> [Problem details]: Only the lines from the start of the entries up to and including the line with "attach r J'" should be written out, exactly as they stand.

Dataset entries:
####

lemma attach_avoiding: "\<forall>e\<in>E. r \<notin> e \<Longrightarrow> {e \<in> attach r J E. r \<notin> e} = E"
  by (auto simp: attach_def)

lemma root_children_attach: "\<forall>e\<in>E. r \<notin> e \<Longrightarrow> r \<notin> J \<Longrightarrow> root_children (attach r J E) r = J"
  using adj_attach_root[of E r J] by (auto simp: root_children_def adj_def)

lemma inj_on_attach: "inj_on (\<lambda>(J, E). attach r J E) {(J, E). r \<notin> J \<and> (\<forall>e\<in>E. r \<notin> e)}"
proof (rule inj_onI, clarify)
  fix J E J' E'
  assume "r \<notin> J" "\<forall>e\<in>E. r \<notin> e" "r \<notin> J'" "\<forall>e\<in>E'. r \<notin> e" "attach r J E = attach r J' E'"
  then show "J = J' \<and> E = E'"
    using root_children_attach attach_avoiding by metis
qed

lemma simple_graph_edge: "simple_graph V E \<Longrightarrow> {a, b} \<in> E \<Longrightarrow> a \<in> V \<and> b \<in> V \<and> a \<noteq> b"
  by (fastforce simp: simple_graph_def doubleton_eq_iff)

lemma simple_graph_avoids: "simple_graph (V - {r}) E \<Longrightarrow> \<forall>e\<in>E. r \<notin> e"
  by (auto simp: simple_graph_def)

lemma simple_graph_attach:
  "simple_graph (V - {r}) E \<Longrightarrow> r \<in> V \<Longrightarrow> J \<subseteq> V - {r} \<Longrightarrow> simple_graph V (attach r J E)"
  unfolding simple_graph_def attach_def by blast

lemma simple_graph_Pow: "simple_graph V E \<Longrightarrow> E \<subseteq> Pow V"
  unfolding simple_graph_def by blast

section \<open>Rooted forests\<close>

definition rooted_forest :: "'a set \<Rightarrow> 'a set set \<Rightarrow> 'a set \<Rightarrow> bool" where
  "rooted_forest V E R \<longleftrightarrow> simple_graph V E \<and> \<not> has_cycle E \<and> R \<subseteq> V \<and>
     (\<forall>v\<in>V. \<exists>\<rho>\<in>R. conn E v \<rho>) \<and> (\<forall>\<rho>\<in>R. \<forall>\<rho>'\<in>R. conn E \<rho> \<rho>' \<longrightarrow> \<rho> = \<rho>')"

lemma finite_rooted_forests: "finite V \<Longrightarrow> finite {E. rooted_forest V E R}"
  by (rule finite_subset[of _ "Pow (Pow V)"]) (auto simp: rooted_forest_def dest: simple_graph_Pow)

lemma tree_iff_rooted_forest:
  assumes "i \<in> V"
  shows "is_tree V E \<longleftrightarrow> rooted_forest V E {i}"
proof -
  have "graph_connected V E \<longleftrightarrow> (\<forall>v\<in>V. conn E v i)"
    unfolding graph_connected_conn
  proof safe
    fix u v assume "\<forall>v\<in>V. conn E v i" "u \<in> V" "v \<in> V"
    then show "conn E u v" by (metis conn_sym conn_trans)
  qed (use assms in blast)
  then show ?thesis
    using assms by (auto simp: is_tree_def rooted_forest_def)
qed

context
  fixes V R J :: "'a set" and E :: "'a set set" and r :: 'a
  assumes r: "r \<in> R" and R: "R \<subseteq> V" and J: "J \<subseteq> V - R" and E: "simple_graph (V - {r}) E"
begin

private lemma avoids: "\<forall>e\<in>E. r \<notin> e"
  using E by (rule simple_graph_avoids)

private lemma r_notin_J: "r \<notin> J"
  using J r by blast

private lemma conn_attach: "conn E x y \<Longrightarrow> conn (attach r J E) x y"
  by (rule conn_mono[OF subset_attach])

private lemma conn_attach_root: "j \<in> J \<Longrightarrow> conn (attach r J E) j r"
  by (rule conn_adj) (auto simp: adj_def attach_def)

private lemma reach_if_attach_reach:
  assumes reach: "\<forall>v\<in>V. \<exists>\<rho>\<in>R. conn (attach r J E) v \<rho>"
  shows "\<forall>v\<in>V - {r}. \<exists>\<rho>\<in>R - {r} \<union> J. conn E v \<rho>"
proof
  fix v assume v: "v \<in> V - {r}"
  then obtain \<rho> where \<rho>: "\<rho> \<in> R" "conn (attach r J E) v \<rho>" using reach by blast
  have "v \<noteq> r" using v by blast
  from conn_attach_cases[OF avoids r_notin_J \<rho>(2) this]
  consider "conn E v \<rho>" | j where "j \<in> J" "conn E v j" by blast
  then show "\<exists>\<rho>\<in>R - {r} \<union> J. conn E v \<rho>"
  proof cases
    case 1
    then have "\<rho> \<noteq> r" using conn_isolated[OF avoids] \<open>v \<noteq> r\<close> by blast
    with 1 \<rho>(1) show ?thesis by blast
  qed blast
qed

private lemma attach_reach_if_reach:
  assumes reach: "\<forall>v\<in>V - {r}. \<exists>\<rho>\<in>R - {r} \<union> J. conn E v \<rho>"
  shows "\<forall>v\<in>V. \<exists>\<rho>\<in>R. conn (attach r J E) v \<rho>"
proof
  fix v assume "v \<in> V"
  show "\<exists>\<rho>\<in>R. conn (attach r J E) v \<rho>"
  proof (cases "v = r")
    case False
    with \<open>v \<in> V\<close> reach obtain \<rho> where \<rho>: "\<rho> \<in> R - {r} \<union> J" "conn E v \<rho>" by blast
    show ?thesis
    proof (cases "\<rho> \<in> J")
      case True
      then have "conn (attach r J E) v r"
        using conn_trans[OF conn_attach[OF \<rho>(2)] conn_attach_root] by blast
      with r show ?thesis by blast
    next
      case False
      with \<rho> have "\<rho> \<in> R" by blast
      with conn_attach[OF \<rho>(2)] show ?thesis by blast
    qed
  next
    case True
    with r show ?thesis by (intro bexI[of _ r]) simp_all
  qed
qed
(* Let $p$ be an odd prime, $m\ge3$ odd, $k\ge1$ with $\gcd(m,k)=1$. Fix $v\in\mathbb{F}_{p^m}^*$. As $u$ runs through $\mathbb{F}_{p^m}$, $D(u,v)$ takes only the values $0$, $(p-1)p^{\frac{m+1}{2}}$, $-(p-1)p^{\frac{m+1}{2}}$, and these occur respectively $p^m-p^{m-1}$, $\frac12(p^{m-1}+p^{\frac{m-1}{2}})$, and $\frac12(p^{m-1}-p^{\frac{m-1}{2}})$ times.
   Context: $\mathrm{Tr}$ is the trace from $\mathbb{F}_{p^m}$ to $\mathbb{F}_p$ and $\zeta_p=e^{2\pi i/p}$. For $(u,v)\in\mathbb{F}_{p^m}^2$, $D(u,v)=\sum_{y\in\mathbb{F}_p^*}\sum_{x\in\mathbb{F}_{p^m}}\zeta_p^{y\,\mathrm{Tr}(ux^2+vx^{p^k+1})}$. *)

theory Defs
  imports "HOL-Analysis.Analysis"
begin

text \<open>The finite field F_{p^m} is modelled by a finite field type 'a with CARD('a) = p^m.
  Absolute trace Tr(x) = x + x^p + ... + x^(p^(m-1)), an element of the prime field.\<close>

definition ftrace :: "nat \<Rightarrow> nat \<Rightarrow> 'a::field \<Rightarrow> 'a" where
  "ftrace p m x = (\<Sum>i<m. x ^ (p ^ i))"

text \<open>Identification of the prime field F_p with {0..p-1}: the unique t < p with of_nat t = Tr(x).\<close>
definition trace_nat :: "nat \<Rightarrow> nat \<Rightarrow> 'a::field \<Rightarrow> nat" where
  "trace_nat p m x = (THE t. t < p \<and> of_nat t = ftrace p m x)"

definition zeta :: "nat \<Rightarrow> complex" where
  "zeta p = exp (2 * of_real pi * \<i> / of_nat p)"

definition Dsum :: "nat \<Rightarrow> nat \<Rightarrow> nat \<Rightarrow> 'a::{field,finite} \<Rightarrow> 'a \<Rightarrow> complex" where
  "Dsum p m k u v = (\<Sum>y\<in>{1..<p}. \<Sum>x\<in>(UNIV::'a set).
      zeta p ^ (y * trace_nat p m (u * x ^ 2 + v * x ^ (p ^ k + 1))))"

end

theory Submission
  imports Defs "HOL-Number_Theory.Residues" "HOL-Computational_Algebra.Polynomial"
begin

(*
  Let S(a,b) = sum_x psi(a x^2 + b x^(p^k+1)), so that D(u,v) = sum_{y in F_p^*} S(yu, yv).
  Squaring and shifting x gives S(a,b) S(-a,-b) = p^m |R|, where R is the radical of the
  quadratic form, i.e. the kernel of the F_p-linear map z |-> 2az + b sigma(z) + sigma^-1(bz)
  with sigma(z) = z^(p^k). Because gcd(m,k) = 1, sigma fixes exactly F_p, and a Moore
  determinant argument shows dim R <= 2. Multiplying y by a square does not change S(yu, yv);
  writing a non-square as e^2 + f^2 and rotating (x, w) in S^2 shows that the two resulting
  values agree up to sign. Hence D(u,v) is 0 or (p-1) S(u,v), an integer whose square is
  (p-1)^2 p^m |R|; since m is odd this forces |R| = p and D(u,v) = +-(p-1) p^((m+1)/2).
  The multiplicities then follow from the first two moments of D(u,v) over u, which
  orthogonality of psi evaluates.
*)

section \<open>Counting and integer arithmetic\<close>

lemma finite_field_power_card_eq:
  fixes x :: "'b::{field,finite}"
  shows "x ^ CARD('b) = x"
proof (cases "x = 0")
  case False
  let ?U = "UNIV - {0 :: 'b}"
  have "1 * (\<Prod>y\<in>?U. y) = (\<Prod>y\<in>?U. x * y)"
    by (simp, rule prod.reindex_bij_witness[of _ "\<lambda>y. x * y" "\<lambda>y. y / x"]) (use False in auto)
  also have "\<dots> = x ^ card ?U * (\<Prod>y\<in>?U. y)"
    by (simp add: prod.distrib)
  finally have "x ^ card ?U = 1"
    by (subst (asm) mult_right_cancel) simp_all
  moreover have "Suc (card ?U) = CARD('b)"
    by (rule card_Suc_Diff1) simp_all
  ultimately show ?thesis
    by (metis power_Suc2 mult_1)
qed (simp add: finite_UNIV_card_ge_0)

lemma dvd_iff_eq_0_if_less: "t < p \<Longrightarrow> p dvd t \<longleftrightarrow> t = (0::nat)"
  by (auto dest: dvd_imp_le)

####

> [Reply]:
lemma attach_avoiding: "\<forall>e\<in>E. r \<notin> e \<Longrightarrow> {e \<in> attach r J E. r \<notin> e} = E"
  by (auto simp: attach_def)

lemma root_children_attach: "\<forall>e\<in>E. r \<notin> e \<Longrightarrow> r \<notin> J \<Longrightarrow> root_children (attach r J E) r = J"
  using adj_attach_root[of E r J] by (auto simp: root_children_def adj_def)

lemma inj_on_attach: "inj_on (\<lambda>(J, E). attach r J E) {(J, E). r \<notin> J \<and> (\<forall>e\<in>E. r \<notin> e)}"
proof (rule inj_onI, clarify)
  fix J E J' E'
  assume "r \<notin> J" "\<forall>e\<in>E. r \<notin> e" "r \<notin> J'" "\<forall>e\<in>E'. r \<notin> e" "attach r J E = attach r J' E'"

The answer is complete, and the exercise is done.